Minimizing Communication in Sparse Matrix Solvers
|Title||Minimizing Communication in Sparse Matrix Solvers|
|Publication Type||Conference Paper|
|Year of Publication||2009|
|Authors||Mohiyuddin, M., Hoemmen M., Demmel J., & Yelick K.|
|Conference Name||Supercomputing '09|
|Conference Location||Portlad, Oregon|
Data communication within the memory system of a single processor node and between multiple nodes in a system is the bottleneck in many iterative sparse matrix solvers like CG and GMRES: here k iterations of a conventional implementation perform k sparse-matrix-vector-multiplications and Omega(k) vector operations like dot products, resulting in communication that grows by a factor of Omega(k) in both the memory and network.
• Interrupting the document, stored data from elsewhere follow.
(* Let $b\in\mathbb Z_T$ be nonzero and let $B_1=\cdots=B_s=\{0,b\}$ be $s$ identical size-$2$ subsets of $\mathbb Z_T$ with $s\ge T^2$. Then the multiset $B_1+B_2+\cdots+B_s$ has bias at most $4|H|/s^{1/2}$ with respect to the subgroup $H=\langle b\rangle$.
   Context: $\mathbb Z_T$ is the additive cyclic group of order $T$. For multisets $A,B$, $A+B=\{a+b:a\in A,b\in B\}$ as a multiset; $\mu_A(x)$ is the multiplicity of $x$ in $A$. A multiset $A$ has bias at most $\epsilon$ with respect to a subgroup $H$ if $\mu_A(a)\le(1+\epsilon)\mu_A(a+h)$ for all $a\in A$ and all $h\in H$. $\langle b\rangle$ is the subgroup generated by $b$. *)

theory Defs
  imports Complex_Main "HOL-Library.Multiset"
begin

text \<open>Z_T is modelled by residues {0..<T} (nat), addition is (x+y) mod T.\<close>

definition zmod_sumset :: "nat \<Rightarrow> nat multiset \<Rightarrow> nat multiset \<Rightarrow> nat multiset" where
  "zmod_sumset T A B = (\<Sum>a\<in>#A. image_mset (\<lambda>c. (a + c) mod T) B)"

fun iter_sumset :: "nat \<Rightarrow> nat multiset \<Rightarrow> nat \<Rightarrow> nat multiset" where
  "iter_sumset T B 0 = {#0#}"
| "iter_sumset T B (Suc s) = zmod_sumset T (iter_sumset T B s) B"

definition gen_subgroup :: "nat \<Rightarrow> nat \<Rightarrow> nat set" where
  "gen_subgroup T b = {(k * b) mod T | k. True}"

definition bias_at_most :: "nat \<Rightarrow> nat multiset \<Rightarrow> nat set \<Rightarrow> real \<Rightarrow> bool" where
  "bias_at_most T A H \<epsilon> \<longleftrightarrow>
     (\<forall>a \<in># A. \<forall>h \<in> H. real (count A a) \<le> (1 + \<epsilon>) * real (count A ((a + h) mod T)))"

end

(* The multiset B_1 + ... + B_s is the image of the binomial multiset (k with multiplicity
   C(s,k), for k <= s) under k |-> k b mod T, and k b = k' b (mod T) iff k = k' modulo
   m = T / gcd(b,T) = |<b>|.  So the multiplicity of k b is the residue class sum N_j of the
   C(s,i) over i = j (mod m), with j = k mod m, and translating by an element of <b> passes
   from one class to another.  Unimodality of the binomial coefficients gives
   N_j <= N_j' + M for the central coefficient M, and since the m class sums add up to 2^s,
   also 2^s <= m (N_j' + M).  Together with 5 M sqrt s <= 4 * 2^s and m <= T <= sqrt s this
   yields N_j <= (1 + 4 m / sqrt s) N_j'. *)

theory Submission
  imports Defs "HOL-Number_Theory.Cong"
begin

fun binomial_mset :: "nat \<Rightarrow> nat multiset" where
  "binomial_mset 0 = {#0#}"
| "binomial_mset (Suc s) = binomial_mset s + image_mset Suc (binomial_mset s)"

lemma count_binomial_mset: "count (binomial_mset s) k = s choose k"
proof -
  have shift: "count (image_mset Suc A) (Suc k) = count A k" "count (image_mset Suc A) 0 = 0"
    for A :: "nat multiset" and k
    by (induction A) auto
  show ?thesis
  proof (induction s arbitrary: k)
    case (Suc s)
    then show ?case by (cases k) (simp_all add: shift)
  qed (simp add: count_single)
qed

lemma set_binomial_mset: "set_mset (binomial_mset s) = {..s}"
  by (auto simp: count_binomial_mset simp flip: count_greater_zero_iff)

lemma zmod_sumset_zero_pair:
  "zmod_sumset T A {#0, b#}
     = image_mset (\<lambda>a. a mod T) A + image_mset (\<lambda>a. (a + b) mod T) A"
  unfolding zmod_sumset_def by (induction A) auto

lemma iter_sumset_zero_pair:
  "iter_sumset T {#0, b#} s = image_mset (\<lambda>k. (k * b) mod T) (binomial_mset s)"
proof (induction s)
  case 0
  then show ?case by simp
next
  case (Suc s)
  have "((k * b) mod T + b) mod T = (Suc k * b) mod T" for k
    by (metis mod_add_left_eq mult_Suc add.commute)
  with Suc show ?case
    by (simp add: zmod_sumset_zero_pair multiset.map_comp o_def)
qed

lemma count_iter_sumset_zero_pair:
  "count (iter_sumset T {#0, b#} s) x = (\<Sum>k | k \<le> s \<and> (k * b) mod T = x. s choose k)"
proof -
  have "{k. k \<le> s \<and> (k * b) mod T = x} = (\<lambda>k. (k * b) mod T) -` {x} \<inter> {..s}"
    by auto
  then show ?thesis
    by (simp add: iter_sumset_zero_pair count_image_mset set_binomial_mset count_binomial_mset)
qed

lemma mult_mod_eq_iff_mod_div_gcd:
  fixes T b k k' :: nat
  assumes "0 < T"
  shows "(k * b) mod T = (k' * b) mod T
           \<longleftrightarrow> k mod (T div gcd b T) = k' mod (T div gcd b T)"
proof -
  define g m b' where "g = gcd b T" and "m = T div g" and "b' = b div g"
  have "0 < g" "T = m * g" "b = b' * g" "coprime b' m"
    using assms div_gcd_coprime[of b T] by (simp_all add: g_def m_def b'_def)
  then have "(k * b) mod T = (k' * b) mod T \<longleftrightarrow> [k * b' = k' * b'] (mod m)"
    by (simp add: cong_def mult.assoc[symmetric] mod_mult_mult2)
  also have "\<dots> \<longleftrightarrow> [k = k'] (mod m)"
    using cong_mult_rcancel_nat[OF \<open>coprime b' m\<close>] by simp
  finally show ?thesis
    by (simp add: cong_def m_def g_def)
qed

lemma gen_subgroup_eq_image:
  assumes "0 < T"
  shows "gen_subgroup T b = (\<lambda>k. (k * b) mod T) ` {..<T div gcd b T}"
proof -
  let ?m = "T div gcd b T"
  have "(k * b) mod T = (k mod ?m * b) mod T" for k
    using mult_mod_eq_iff_mod_div_gcd[OF assms] by simp
  moreover have "k mod ?m < ?m" for k
    using assms by (simp add: div_greater_zero_iff)
  ultimately show ?thesis
    unfolding gen_subgroup_def by blast
qed

lemma card_gen_subgroup:
  assumes "0 < T"
  shows "card (gen_subgroup T b) = T div gcd b T"
proof -
  have "inj_on (\<lambda>k. (k * b) mod T) {..<T div gcd b T}"
    using mult_mod_eq_iff_mod_div_gcd[OF assms] by (auto simp: inj_on_def)
  then show ?thesis
    by (simp add: gen_subgroup_eq_image[OF assms] card_image)
qed

definition residue_binomial_sum :: "nat \<Rightarrow> nat \<Rightarrow> nat \<Rightarrow> nat" where
  "residue_binomial_sum s m j = (\<Sum>k | k \<le> s \<and> k mod m = j. s choose k)"

lemma count_iter_sumset_zero_pair_mult:
  assumes "0 < T"
  shows "count (iter_sumset T {#0, b#} s) ((k * b) mod T)
           = residue_binomial_sum s (T div gcd b T) (k mod (T div gcd b T))"
  unfolding count_iter_sumset_zero_pair residue_binomial_sum_def
  by (simp add: mult_mod_eq_iff_mod_div_gcd[OF assms])

lemma sum_residue_binomial_sum:
  assumes "0 < m"
  shows "(\<Sum>j<m. residue_binomial_sum s m j) = 2 ^ s"
proof -
  have "(\<Sum>j<m. residue_binomial_sum s m j)
        = (\<Sum>j<m. \<Sum>k\<in>{k \<in> {..s}. k mod m = j}. s choose k)"
    by (simp add: residue_binomial_sum_def)
  also have "\<dots> = (\<Sum>k\<le>s. s choose k)"
    by (rule sum.group) (use assms in auto)
  also have "\<dots> = 2 ^ s"
    by (rule choose_row_sum)
  finally show ?thesis .
qed

lemma mod_eq_close_imp_eq:
  fixes x y m :: nat
  assumes "x mod m = y mod m" "x < y + m" "y < x + m"
  shows "x = y"
proof -
  have "u = v" if uv: "u mod m = v mod m" "v \<le> u" "u < v + m" for u v :: nat
  proof -
    obtain t where "u = v + m * t"
      using mod_eq_nat1E uv(1,2) by blast
    with uv(3) show ?thesis
      by (cases t) auto
  qed
  then show ?thesis
    using assms by (metis nat_le_linear)
qed

lemma mod_add_residue_shift:
  fixes k j j' m :: nat
  assumes "k mod m = j" "j' < m"
  shows "(k + (j' + m - j) mod m) mod m = j'"
proof -
  have "(k + (j' + m - j) mod m) mod m = (k mod m + (j' + m - j)) mod m"
    by (simp add: mod_add_left_eq mod_add_right_eq)
  also have "\<dots> = j'"
    using assms mod_less_divisor[of m k] by simp
  finally show ?thesis .
qed

(* With d the shift from class j to class j', each k of class j with k + d <= p is matched
   with k + d and each with k + d > p + m with k + d - m; both moves go towards the peak p,
   so c does not decrease.  At most one k of class j lies in the window p < k + d <= p + m. *)
lemma sum_residue_class_unimodal_le:
  fixes c :: "nat \<Rightarrow> nat"
  assumes "j' < m" "p \<le> s"
    and up: "\<And>i k. i \<le> k \<Longrightarrow> k \<le> p \<Longrightarrow> c i \<le> c k"
    and down: "\<And>i k. p \<le> i \<Longrightarrow> i \<le> k \<Longrightarrow> c k \<le> c i"
  shows "(\<Sum>k | k \<le> s \<and> k mod m = j. c k)
           \<le> (\<Sum>k | k \<le> s \<and> k mod m = j'. c k) + c p"
proof -
  define A B where "A = {k. k \<le> s \<and> k mod m = j}"
    and "B = {k. k \<le> s \<and> k mod m = j'}"
  define d where "d = (j' + m - j) mod m"
  define E where "E = {k \<in> A. p < k + d \<and> k + d \<le> p + m}"
  have "d < m"
    using assms(1) by (simp add: d_def)
  have shift_mod: "(k + d) mod m = j'" if "k \<in> A" for k
    unfolding d_def
    by (rule mod_add_residue_shift) (use that assms(1) in \<open>simp_all add: A_def\<close>)
  have "sum c (A - E) \<le> sum c B"
  proof (rule sum_le_included[where i = "\<lambda>y. if y \<le> p then y - d else y + m - d"])
    show "\<forall>x\<in>A - E. \<exists>y\<in>B. (if y \<le> p then y - d else y + m - d) = x \<and> c x \<le> c y"
    proof
      fix x assume x: "x \<in> A - E"
      show "\<exists>y\<in>B. (if y \<le> p then y - d else y + m - d) = x \<and> c x \<le> c y"
      proof (cases "x + d \<le> p")
        case True
        then show ?thesis
          using x shift_mod up[of x "x + d"] assms(2)
          by (intro bexI[of _ "x + d"]) (auto simp: A_def B_def)
      next
        case False
        then have "p + m < x + d"
          using x by (auto simp: E_def)
        moreover have "(x + d - m) mod m = j'"
          using shift_mod[of x] x le_mod_geq[of m "x + d"] \<open>p + m < x + d\<close> by simp
        ultimately show ?thesis
          using x \<open>d < m\<close> down[of "x + d - m" x]
          by (intro bexI[of _ "x + d - m"]) (auto simp: A_def B_def)
      qed
    qed
  qed (auto simp: A_def B_def)
  moreover have "sum c E \<le> c p"
  proof (cases "E = {}")
    case False
    then obtain x where "x \<in> E" by blast
    have "y = x" if "y \<in> E" for y
      by (rule mod_eq_close_imp_eq[where m = m])
        (use that \<open>x \<in> E\<close> in \<open>auto simp: E_def A_def\<close>)
    then have "E = {x}"
      using \<open>x \<in> E\<close> by blast
    moreover have "c x \<le> c p"
      using up[of x p] down[of p x] by (cases "x \<le> p") auto
    ultimately show ?thesis
      by simp
  qed simp
  moreover have "sum c A = sum c (A - E) + sum c E"
    by (rule sum.subset_diff) (auto simp: A_def E_def)
  ultimately have "sum c A \<le> sum c B + c p"
    by linarith
  then show ?thesis
    by (simp add: A_def B_def)
qed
By reorganizing the sparse-matrix kernel to compute a set of matrix-vector products at once and reorganizing the rest of the algorithm accordingly, we can perform k iterations by sending O(log P) messages instead of O(k log P) messages on a parallel machine, and reading matrix A from DRAM to cache just once instead of k times on a sequential machine. This reduces communication to the minimum possible. We combine these techniques to implement GMRES on an 8-core Intel Clovertown, and get speedups of up to 4.3x over standard GMRES, without sacrificing convergence rate or numerical stability.